BalajiB197 on 22 Jan 2019

Where are the checkpoint files stored?

Or where do I change the output path in the model_main file?

schauppi on 23 Jan 2019

@schauppi checkpoints will be stored in model directory.
You can also refer official doc. https://github.com/tensorflow/models/blob/master/research/object_detection/g3doc/running_locally.md

BalajiB197 on 24 Jan 2019

@BalajiB3663
Sorry for the stupid question: but where exactly in the model directory?
can i change the directory in the model_main file?

schauppi on 24 Jan 2019

@schauppi
model directory refers where you want to save the checkpoints. So you can create your own directory and pass that path as argument.

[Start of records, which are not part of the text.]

lemma mat_prod_list_le:
  assumes "H - {0} \<noteq> {}" and "\<forall>M\<in>set Ms. \<forall>y\<in>H. M *v y \<in> H" and "x \<in> H"
  shows "\<nu> (mat_prod_list Ms *v x) \<le> prod_list (map (partial_norm \<nu> H) Ms) * \<nu> x"
  using assms(2)
proof (induction Ms)
  case Nil
  then show ?case
    by (simp add: mat_prod_list_def)
next
  case (Cons M Ms)
  have "\<nu> (mat_prod_list (M # Ms) *v x) = \<nu> (M *v (mat_prod_list Ms *v x))"
    by (simp add: mat_prod_list_def matrix_vector_mul_assoc)
  also have "\<dots> \<le> partial_norm \<nu> H M * \<nu> (mat_prod_list Ms *v x)"
    using mat_prod_list_mult_mem[of Ms H x] Cons.prems assms(3) by (intro le_partial_norm) simp
  also have "\<dots> \<le> partial_norm \<nu> H M * (prod_list (map (partial_norm \<nu> H) Ms) * \<nu> x)"
    using Cons by (intro mult_left_mono partial_norm_nonneg[OF assms(1)]) simp_all
  finally show ?case
    by (simp add: mult.assoc)
qed

end

lemma prod_list_map_permutation:
  assumes "bij_betw \<pi> {1..r} {1..r}"
  shows "prod_list (map (\<lambda>j. f (\<pi> j)) [1..<r + 1]) = (\<Prod>j\<in>{1..r}. f j)"
proof -
  have "set [1..<r + 1] = {1..r}"
    by auto
  then have "prod_list (map (\<lambda>j. f (\<pi> j)) [1..<r + 1]) = (\<Prod>j\<in>{1..r}. f (\<pi> j))"
    by (metis distinct_upt prod.distinct_set_conv_list)
  also have "\<dots> = (\<Prod>j\<in>{1..r}. f j)"
    by (rule prod.reindex_bij_betw[OF assms])
  finally show ?thesis .
qed
lemma mult_ln_div_le:
  fixes p K :: real
  assumes "0 < p" "0 < K"
  shows "p * ln (K / p) \<le> K / exp 1"
  using mult_ln_ge_tangent[of p "K / exp 1"] assms by (simp add: ln_div algebra_simps)

lemma mult_ln_squared_le:
  fixes q M :: real
  assumes q: "0 < q" "q \<le> M" and M: "1 \<le> M"
  shows "q * (ln q)^2 \<le> 4 + M^3"
proof (cases "q \<le> 1")
  case True
  define s where "s = sqrt q"
  have s: "0 < s" "q = s^2" using q by (simp_all add: s_def)
  have "- ln s \<le> 1 / s" using ln_le_minus_one[of "1 / s"] s by (simp add: ln_div)
  moreover have "ln q \<le> 0" using True q by simp
  moreover have "ln q = 2 * ln s" using s by (simp add: ln_realpow)
  ultimately have "(- ln q)^2 \<le> (2 / s)^2" by (intro power_mono) auto
  then have "(ln q)^2 \<le> (2 / s)^2" by simp
  then have "q * (ln q)^2 \<le> s^2 * (2 / s)^2" using s by (simp add: mult_left_mono)
  also have "\<dots> = 4" using s by (simp add: power_divide)
  moreover have "0 \<le> M^3" using M by simp
  ultimately show ?thesis by linarith
next
  case False
  have "(ln q)^2 \<le> q^2" using ln_le_minus_one[of q] False by (intro power_mono) auto
  then have "q * (ln q)^2 \<le> q^3" using q by (simp add: mult_left_mono power3_eq_cube power2_eq_square)
  also have "\<dots> \<le> M^3" using q by (intro power_mono) auto
  finally show ?thesis by simp
qed

lemma sum_mult_ln_div_le_ln_sum:
  fixes p y :: "'a \<Rightarrow> real"
  assumes "finite A" "A \<noteq> {}" and p: "\<And>i. i \<in> A \<Longrightarrow> 0 < p i" "sum p A = 1"
    and y: "\<And>i. i \<in> A \<Longrightarrow> 0 < y i"
  shows "(\<Sum>i\<in>A. p i * ln (y i / p i)) \<le> ln (sum y A)"
proof -
  have "(\<Sum>i\<in>A. p i * ln (y i / p i)) \<le> ln (\<Sum>i\<in>A. p i *\<^sub>R (y i / p i))"
    using assms by (intro concave_on_sum[OF _ _ ln_concave]) (auto simp: less_imp_le)
  also have "(\<Sum>i\<in>A. p i *\<^sub>R (y i / p i)) = sum y A"
    using p(1) by (intro sum.cong refl) (simp add: less_imp_neq[symmetric])
  finally show ?thesis .
qed

lemma continuous_on_mult_ln: "continuous_on {0..} (\<lambda>t::real. t * ln t)"
proof -
  have "continuous (at t within {0..}) (\<lambda>t::real. t * ln t)" if "t \<in> {0..}" for t
  proof (cases "t = 0")
    case True
    have "((\<lambda>t::real. t * ln t) \<longlongrightarrow> 0) (at_right 0)" by real_asymp
    then show ?thesis using True by (simp add: continuous_within at_within_Ici_at_right)
  next
    case False
    then have "isCont (\<lambda>t::real. t * ln t) t" using that by (auto intro!: continuous_intros)
    then show ?thesis by (rule continuous_at_imp_continuous_within)
  qed
  then show ?thesis by (simp add: continuous_on_eq_continuous_within)
qed

lemma continuous_on_mult_ln_comp:
  assumes "continuous_on S f" "\<And>x. x \<in> S \<Longrightarrow> 0 \<le> (f x :: real)"
  shows "continuous_on S (\<lambda>x. f x * ln (f x))"
  using continuous_on_compose2[OF continuous_on_mult_ln assms(1)] assms(2) by auto

section \<open>Integral estimates on a single cell\<close>

lemma has_integral_shifted_square:
  fixes a b c :: real
  assumes "a \<le> b"
  shows "((\<lambda>x. (x - c)^2) has_integral ((b - c)^3 - (a - c)^3) / 3) {a..b}"
proof -
  have "((\<lambda>x. (x - c)^3 / 3) has_vector_derivative (x - c)^2) (at x within {a..b})" for x
    by (auto intro!: derivative_eq_intros simp: has_real_derivative_iff_has_vector_derivative[symmetric])
  from fundamental_theorem_of_calculus[OF assms this] show ?thesis by (simp add: diff_divide_distrib)
qed

lemma shifted_cube_diff_ge:
  fixes a b c :: real
  assumes "a \<le> b"
  shows "(b - a)^3 / 12 \<le> ((b - c)^3 - (a - c)^3) / 3"
proof -
  have "4 * ((b - c)^3 - (a - c)^3) - (b - a)^3 = 3 * (b - a) * (a + b - 2 * c)^2"
    by (simp add: power3_eq_cube power2_eq_square algebra_simps)
  moreover have "0 \<le> 3 * (b - a) * (a + b - 2 * c)^2" using assms by simp
  ultimately show ?thesis by linarith
qed

definition cauchy_kernel :: "real \<Rightarrow> real \<Rightarrow> real \<Rightarrow> real" where
  "cauchy_kernel s c x = 1 / (s * (1 + ((x - c) / s)^2))"

lemma cauchy_kernel_pos: "0 < s \<Longrightarrow> 0 < cauchy_kernel s c x"
  by (simp add: cauchy_kernel_def add_pos_nonneg)

lemma continuous_on_cauchy_kernel:
  assumes "0 < s"
  shows "continuous_on S (cauchy_kernel s c)"
proof -
  have "0 < s * (1 + ((x - c) / s)^2)" for x
    using assms by (simp add: add_pos_nonneg)
  then show ?thesis unfolding cauchy_kernel_def by (intro continuous_intros) (auto simp: less_le)
qed

lemma has_integral_cauchy_kernel:
  assumes "a \<le> b" "0 < s"
  shows "(cauchy_kernel s c has_integral (arctan ((b - c) / s) - arctan ((a - c) / s))) {a..b}"
proof -
  have "((\<lambda>x. arctan ((x - c) / s)) has_real_derivative cauchy_kernel s c x) (at x within {a..b})" for x
  proof -
    have "((\<lambda>x. (x - c) / s) has_real_derivative 1 / s) (at x within {a..b})"
      using assms by (auto intro!: derivative_eq_intros)
    from DERIV_chain2[where g = "\<lambda>x. (x - c) / s", OF DERIV_arctan this]
    have "((\<lambda>x. arctan ((x - c) / s)) has_real_derivative inverse (1 + ((x - c) / s)^2) * (1 / s))
        (at x within {a..b})" .
    moreover have "inverse (1 + ((x - c) / s)^2) * (1 / s) = cauchy_kernel s c x"
      using assms by (simp add: cauchy_kernel_def field_simps add_pos_nonneg)
    ultimately show ?thesis by simp
  qed
  then show ?thesis
    by (intro fundamental_theorem_of_calculus assms) (simp add: has_real_derivative_iff_has_vector_derivative)
qed

lemma integral_cauchy_kernel_le:
  assumes "a \<le> b" "0 < s"
  shows "integral {a..b} (cauchy_kernel s c) \<le> pi"
  using integral_unique[OF has_integral_cauchy_kernel[OF assms, of c]]
    arctan_bounded[of "(b - c) / s"] arctan_bounded[of "(a - c) / s"] by linarith

lemma cell_integrable:
  fixes f :: "real \<Rightarrow> real"
  assumes "continuous_on {a..b} f" "\<And>x. x \<in> {a..b} \<Longrightarrow> 0 \<le> f x"
  shows "f integrable_on {a..b}" "(\<lambda>x. (x - c)^2 * f x) integrable_on {a..b}"
    "(\<lambda>x. f x * ln (f x)) integrable_on {a..b}"
  using assms continuous_on_mult_ln_comp[OF assms]
  by (auto intro!: integrable_continuous_real continuous_intros)
lemma fiber_sum_right: "\<phi> \<in> Ch M p \<Longrightarrow> (\<And>i. i \<in> A \<Longrightarrow> f i \<in> Ch (prd M N) q) \<Longrightarrow>
    fp M N p q \<phi> (sum f A) = (\<Sum>i\<in>A. fp M N p q \<phi> (f i))"
  by (induction A rule: infinite_finite_induct) (auto simp: fiber_add_right chain_sum)

end


lemma flow_complex_component: "\<Phi> \<in> flow_complex Ch Ob \<Longrightarrow> X \<in> Ob \<Longrightarrow> \<Phi> X k \<in> Ch X k"
  unfolding flow_complex_def by (metis (mono_tags, lifting) mem_Collect_eq)

lemma flow_complex_outside: "\<Phi> \<in> flow_complex Ch Ob \<Longrightarrow> X \<notin> Ob \<Longrightarrow> \<Phi> X k = 0"
  unfolding flow_complex_def by (metis (mono_tags, lifting) mem_Collect_eq singletonD)

lemma flow_complexI:
  "(\<And>X k. X \<in> Ob \<Longrightarrow> \<Phi> X k \<in> Ch X k) \<Longrightarrow> (\<And>X k. X \<notin> Ob \<Longrightarrow> \<Phi> X k = 0)
   \<Longrightarrow> \<Phi> \<in> flow_complex Ch Ob"
  unfolding flow_complex_def by simp

locale flow_category = geometric_chains Ch dim prd bd fp fpp
  for Ch :: "'s \<Rightarrow> int \<Rightarrow> 'c::ab_group_add set"
    and dim :: "'s \<Rightarrow> nat" and prd :: "'s \<Rightarrow> 's \<Rightarrow> 's"
    and bd :: "'s \<Rightarrow> int \<Rightarrow> 'c \<Rightarrow> 'c"
    and fp :: "'s \<Rightarrow> 's \<Rightarrow> int \<Rightarrow> int \<Rightarrow> 'c \<Rightarrow> 'c \<Rightarrow> 'c"
    and fpp :: "'s \<Rightarrow> 's \<Rightarrow> 's \<Rightarrow> int \<Rightarrow> int \<Rightarrow> 'c \<Rightarrow> 'c \<Rightarrow> 'c" +
  fixes N :: nat and Ob :: "'s set" and ti :: "'s \<Rightarrow> 's \<Rightarrow> int"
    and CC :: "'s \<Rightarrow> 's \<Rightarrow> int \<Rightarrow> 'c"
  assumes flow_category: "finitely_graded_flow_category Ch dim prd bd fpp N Ob ti CC"
begin

lemma finite_objects [simp]: "finite Ob"
  using flow_category by (simp add: finitely_graded_flow_category_def)

lemma ti_cocycle:
  "X \<in> Ob \<Longrightarrow> Y \<in> Ob \<Longrightarrow> Z \<in> Ob \<Longrightarrow> [ti X Y + ti Y Z = ti X Z] (mod (2 * int N))"
  using flow_category by (simp add: finitely_graded_flow_category_def)

lemma flow_chain_closed [simp]: "X \<in> Ob \<Longrightarrow> Y \<in> Ob \<Longrightarrow> CC X Y q \<in> Ch (prd X Y) q"
  using flow_category by (simp add: finitely_graded_flow_category_def)

lemma flow_chain_degree: "X \<in> Ob \<Longrightarrow> Y \<in> Ob \<Longrightarrow> CC X Y q \<noteq> 0 \<Longrightarrow>
    [q = int (dim X) + ti X Y - 1] (mod (2 * int N))"
  using flow_category by (simp add: finitely_graded_flow_category_def)

lemma flow_equation: "X \<in> Ob \<Longrightarrow> Y \<in> Ob \<Longrightarrow>
    signed (int (dim X)) (bd (prd X Y) (q + 1) (CC X Y (q + 1))) =
    (\<Sum>Z\<in>Ob. signed (ti X Z) (\<Sum>a\<in>{0..int (dim (prd X Z))}.
       fpp X Z Y a (q - a + int (dim Z)) (CC X Z a) (CC Z Y (q - a + int (dim Z)))))"
  using flow_category by (simp add: finitely_graded_flow_category_def)

lemma flow_chain_parity:
  assumes "X \<in> Ob" "Y \<in> Ob" "CC X Y q \<noteq> 0"
  shows "even (q - int (dim X) - ti X Y + 1)"
proof -
  have "2 * int N dvd q - (int (dim X) + ti X Y - 1)"
    using flow_chain_degree[OF assms] by (simp add: cong_iff_dvd_diff)
  then show ?thesis
    by (metis (no_types, lifting) diff_diff_eq2 diff_diff_eq dvd_mult_left diff_add_eq)
qed

abbreviation CM where "CM \<equiv> flow_complex Ch Ob"

abbreviation D where "D \<equiv> flow_differential dim bd fp Ob CC"

definition chain_boundary :: "('s \<Rightarrow> int \<Rightarrow> 'c) \<Rightarrow> 's \<Rightarrow> int \<Rightarrow> 'c" where
  "chain_boundary \<Phi> = (\<lambda>Y j. bd Y (j + 1) (\<Phi> Y (j + 1)))"

text \<open>Unlike the boundary, d_M needs the guard Y \<in> Ob: the chains CC X Y are arbitrary for Y \<notin> Ob.\<close>

definition d_M :: "('s \<Rightarrow> int \<Rightarrow> 'c) \<Rightarrow> 's \<Rightarrow> int \<Rightarrow> 'c" where
  "d_M \<Phi> = (\<lambda>Y j. if Y \<in> Ob then
     (\<Sum>X\<in>Ob. \<Sum>k\<in>{0..int (dim X)}.
        signed k (fp X Y k (j - k + int (dim X)) (\<Phi> X k) (CC X Y (j - k + int (dim X)))))
     else 0)"

lemma flow_complex_chain: "\<Phi> \<in> CM \<Longrightarrow> \<Phi> X k \<in> Ch X k"
  by (cases "X \<in> Ob") (simp_all add: flow_complex_component flow_complex_outside)

lemma flow_differential_eq: "\<Phi> \<in> CM \<Longrightarrow> D \<Phi> = (\<lambda>Y j. chain_boundary \<Phi> Y j + d_M \<Phi> Y j)"
  by (intro ext) (simp add: flow_differential_def chain_boundary_def d_M_def flow_complex_outside)

lemma flow_complex_add: "\<Phi> \<in> CM \<Longrightarrow> \<Psi> \<in> CM \<Longrightarrow> (\<lambda>X k. \<Phi> X k + \<Psi> X k) \<in> CM"
  by (auto intro!: flow_complexI chain_add simp: flow_complex_component flow_complex_outside)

In my case I created inside models -/object_detection/models/model here model is my own directory.

BalajiB197 on 24 Jan 2019

👍1

@BalajiB3663 It worked, thank you.

schauppi on 24 Jan 2019

@IrisLimiao
inside research/object_detection/utils/metrics.py there is compute_precision_recall function.
Any idea how to use this function?

@SheptunovaAA
Which variables in eval.py to pass into the compute_precision_recall function?

Thank you.

krustiv on 15 Feb 2019

Hi There,
We are checking to see if you still need help on this, as this seems to be considerably old issue. Please update this issue with the latest information, code snippet to reproduce your issue and error you are seeing.
If we don't hear from you in the next 7 days, this issue will be closed automatically. If you don't need help on this issue any more, please consider closing this.